lemma mass_conserved_by_rates:
  fixes a b \<tau> :: real and d :: "nat \<Rightarrow> grid" and \<phi> \<phi>' :: "nat \<Rightarrow> grid"
  assumes "\<tau> \<noteq> 0"
    and Phi: "\<And>c x. c < 7 \<Longrightarrow> x \<in> gridpts N \<Longrightarrow>
      (t\<psi> c x - \<psi> c x) / \<tau> = d c x
        + a * (Lop prm \<phi> c x + Nop prm \<phi> c x) + b * (Lop prm \<phi>' c x + Nop prm \<phi>' c x)"
    and H: "\<And>x. x \<in> gridpts N \<Longrightarrow>
      (t\<psi> iH x - \<psi> iH x) / \<tau> = a * (dIp prm * \<phi> iIp x - dH prm * \<phi> iH x)
        + b * (dIp prm * \<phi>' iIp x - dH prm * \<phi>' iH x)"
    and conservative: "\<And>c. c < 7 \<Longrightarrow> (\<Sum>x\<in>gridpts N. d c x) = 0"
  shows "mass N h t\<psi> = mass N h \<psi>"
proof -
  have pointwise: "(\<Sum>c<8. t\<psi> c x - \<psi> c x) = \<tau> * (\<Sum>c<7. d c x)"
    if x: "x \<in> gridpts N" for x
  proof -
    have "(\<Sum>c<7. t\<psi> c x - \<psi> c x) = \<tau> * (\<Sum>c<7. d c x
        + a * (Lop prm \<phi> c x + Nop prm \<phi> c x) + b * (Lop prm \<phi>' c x + Nop prm \<phi>' c x))"
      unfolding sum_distrib_left using Phi[OF _ x] \<open>\<tau> \<noteq> 0\<close>
      by (intro sum.cong) (auto simp: field_simps)
    also have "\<dots> = \<tau> * ((\<Sum>c<7. d c x)
        + a * (dH prm * \<phi> iH x - dIp prm * \<phi> iIp x) + b * (dH prm * \<phi>' iH x - dIp prm * \<phi>' iIp x))"
      using sum_Lop_Nop[of prm \<phi> x] sum_Lop_Nop[of prm \<phi>' x]
      by (simp add: sum.distrib flip: sum_distrib_left)
    finally show ?thesis
      using H[OF x] \<open>\<tau> \<noteq> 0\<close> by (simp add: eval_nat_numeral field_simps)
  qed
  have "(\<Sum>x\<in>gridpts N. \<Sum>c<8. t\<psi> c x - \<psi> c x) = \<tau> * (\<Sum>c<7. \<Sum>x\<in>gridpts N. d c x)"
    by (simp add: pointwise sum_distrib_left sum.swap[of _ "gridpts N"])
  also have "\<dots> = 0"
    by (simp add: conservative)
  finally show ?thesis
    by (simp add: mass_eq_sum_gridpts sum_subtractf)
qed

lemma euler_predictor_conserves_mass:
  assumes "N > 0" "\<tau> \<noteq> 0"
    and Phi: "\<And>c x. c < 7 \<Longrightarrow> x \<in> gridpts N \<Longrightarrow>
      (t\<psi> c x - \<psi> c x) / \<tau> =
        Dc prm / 8 * lap N h (\<lambda>y. t\<psi> c y + \<psi> c y) x
        - Dc prm / 2 * chem N h (\<psi> c) p p\<^sub>0 x
        + Lop prm \<psi> c x + Nop prm \<psi> c x"
    and H: "\<And>x. x \<in> gridpts N \<Longrightarrow>
      (t\<psi> iH x - \<psi> iH x) / \<tau> = dIp prm * \<psi> iIp x - dH prm * \<psi> iH x"
  shows "mass N h t\<psi> = mass N h \<psi>"
proof -
  define d where "d c x = Dc prm / 8 * lap N h (\<lambda>y. t\<psi> c y + \<psi> c y) x
    - Dc prm / 2 * chem N h (\<psi> c) p p\<^sub>0 x" for c x
  have rate: "(t\<psi> c x - \<psi> c x) / \<tau> = d c x
      + 1 * (Lop prm \<psi> c x + Nop prm \<psi> c x) + 0 * (Lop prm \<psi> c x + Nop prm \<psi> c x)"
    if "c < 7" "x \<in> gridpts N" for c x
    using Phi[OF that] by (simp add: d_def)
  have rate_H: "(t\<psi> iH x - \<psi> iH x) / \<tau> = 1 * (dIp prm * \<psi> iIp x - dH prm * \<psi> iH x)
      + 0 * (dIp prm * \<psi> iIp x - dH prm * \<psi> iH x)" if "x \<in> gridpts N" for x
    using H[OF that] by simp
  have conservative: "(\<Sum>x\<in>gridpts N. d c x) = 0" for c
    unfolding d_def
    by (simp only: sum_subtractf flip: sum_distrib_left)
      (simp add: \<open>N > 0\<close> sum_lap_eq_0 sum_chem_eq_0)
  show ?thesis
    by (rule mass_conserved_by_rates[OF \<open>\<tau> \<noteq> 0\<close> rate rate_H conservative])
qed

lemma ab2_predictor_conserves_mass:
  assumes "N > 0" "\<tau> \<noteq> 0"
    and Phi: "\<And>c x. c < 7 \<Longrightarrow> x \<in> gridpts N \<Longrightarrow>
      (t\<psi> c x - \<psi> c x) / \<tau> =
        Dc prm / 8 * lap N h (\<lambda>y. t\<psi> c y + \<psi> c y) x
        - 3 * Dc prm / 4 * chem N h (\<psi> c) p p\<^sub>0 x
        + Dc prm / 4 * chem N h (\<psi>' c) p' p\<^sub>0 x
        + 3 / 2 * Lop prm \<psi> c x - 1 / 2 * Lop prm \<psi>' c x
        + 3 / 2 * Nop prm \<psi> c x - 1 / 2 * Nop prm \<psi>' c x"
    and H: "\<And>x. x \<in> gridpts N \<Longrightarrow>
      (t\<psi> iH x - \<psi> iH x) / \<tau> =
        3 / 2 * dIp prm * \<psi> iIp x - 1 / 2 * dIp prm * \<psi>' iIp x
        - 3 / 2 * dH prm * \<psi> iH x + 1 / 2 * dH prm * \<psi>' iH x"
  shows "mass N h t\<psi> = mass N h \<psi>"
proof -
  define d where "d c x = Dc prm / 8 * lap N h (\<lambda>y. t\<psi> c y + \<psi> c y) x
    - 3 * Dc prm / 4 * chem N h (\<psi> c) p p\<^sub>0 x
    + Dc prm / 4 * chem N h (\<psi>' c) p' p\<^sub>0 x" for c x
  have rate: "(t\<psi> c x - \<psi> c x) / \<tau> = d c x
      + 3 / 2 * (Lop prm \<psi> c x + Nop prm \<psi> c x) + - 1 / 2 * (Lop prm \<psi>' c x + Nop prm \<psi>' c x)"
    if "c < 7" "x \<in> gridpts N" for c x
    using Phi[OF that] unfolding d_def distrib_left by linarith
  have rate_H: "(t\<psi> iH x - \<psi> iH x) / \<tau>
      = 3 / 2 * (dIp prm * \<psi> iIp x - dH prm * \<psi> iH x)
      + - 1 / 2 * (dIp prm * \<psi>' iIp x - dH prm * \<psi>' iH x)" if "x \<in> gridpts N" for x
    using H[OF that] by (simp add: algebra_simps)
  have conservative: "(\<Sum>x\<in>gridpts N. d c x) = 0" for c
    unfolding d_def
    by (simp only: sum.distrib sum_subtractf flip: sum_distrib_left)
      (simp add: \<open>N > 0\<close> sum_lap_eq_0 sum_chem_eq_0)
  show ?thesis
    by (rule mass_conserved_by_rates[OF \<open>\<tau> \<noteq> 0\<close> rate rate_H conservative])
qed

lemma mass_multiplier_nonneg:
  fixes \<xi> :: real
  assumes "N > 0" "h \<noteq> 0" "mass N h \<psi> = mass N h t\<psi>"
    and shift: "\<And>c x. c < 8 \<Longrightarrow> x \<in> gridpts N \<Longrightarrow> \<psi> c x = t\<psi> c x + lmb c x - \<xi>"
    and lmb_nonneg: "\<And>c x. c < 8 \<Longrightarrow> x \<in> gridpts N \<Longrightarrow> lmb c x \<ge> 0"
  shows "\<xi> \<ge> 0"
proof -
  have "(\<Sum>x\<in>gridpts N. \<Sum>c<8. \<psi> c x) = (\<Sum>x\<in>gridpts N. \<Sum>c<8. t\<psi> c x)"
    using assms(2,3) by (simp add: mass_eq_sum_gridpts)
  moreover have "(\<Sum>x\<in>gridpts N. \<Sum>c<8. \<psi> c x) = (\<Sum>x\<in>gridpts N. \<Sum>c<8. t\<psi> c x)
      + (\<Sum>x\<in>gridpts N. \<Sum>c<8. lmb c x) - 8 * real (card (gridpts N)) * \<xi>"
    by (simp add: shift sum.distrib sum_subtractf)
  ultimately have "8 * real (card (gridpts N)) * \<xi> = (\<Sum>x\<in>gridpts N. \<Sum>c<8. lmb c x)"
    by linarith
  moreover have "(\<Sum>x\<in>gridpts N. \<Sum>c<8. lmb c x) \<ge> 0"
    by (intro sum_nonneg) (simp add: lmb_nonneg)
  moreover have "card (gridpts N) > 0"
    using \<open>N > 0\<close> by (simp add: gridpts_def)
  ultimately show ?thesis
    by (metis zero_le_mult_iff of_nat_0_less_iff mult_pos_pos zero_less_numeral not_le)
qed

┄┄┄┄┄┄

- [Work task]
The answer is the lines above between the line holding "using assms(2,3) by" and the line holding "ultimately show ?thesis", inclusive, each written out exactly, and no others.

- [Written response]
    using assms(2,3) by (simp add: mass_eq_sum_gridpts)
  moreover have "(\<Sum>x\<in>gridpts N. \<Sum>c<8. \<psi> c x) = (\<Sum>x\<in>gridpts N. \<Sum>c<8. t\<psi> c x)
      + (\<Sum>x\<in>gridpts N. \<Sum>c<8. lmb c x) - 8 * real (card (gridpts N)) * \<xi>"
    by (simp add: shift sum.distrib sum_subtractf)
  ultimately have "8 * real (card (gridpts N)) * \<xi> = (\<Sum>x\<in>gridpts N. \<Sum>c<8. lmb c x)"
    by linarith
  moreover have "(\<Sum>x\<in>gridpts N. \<Sum>c<8. lmb c x) \<ge> 0"
    by (intro sum_nonneg) (simp add: lmb_nonneg)
  moreover have "card (gridpts N) > 0"
    using \<open>N > 0\<close> by (simp add: gridpts_def)
  ultimately show ?thesis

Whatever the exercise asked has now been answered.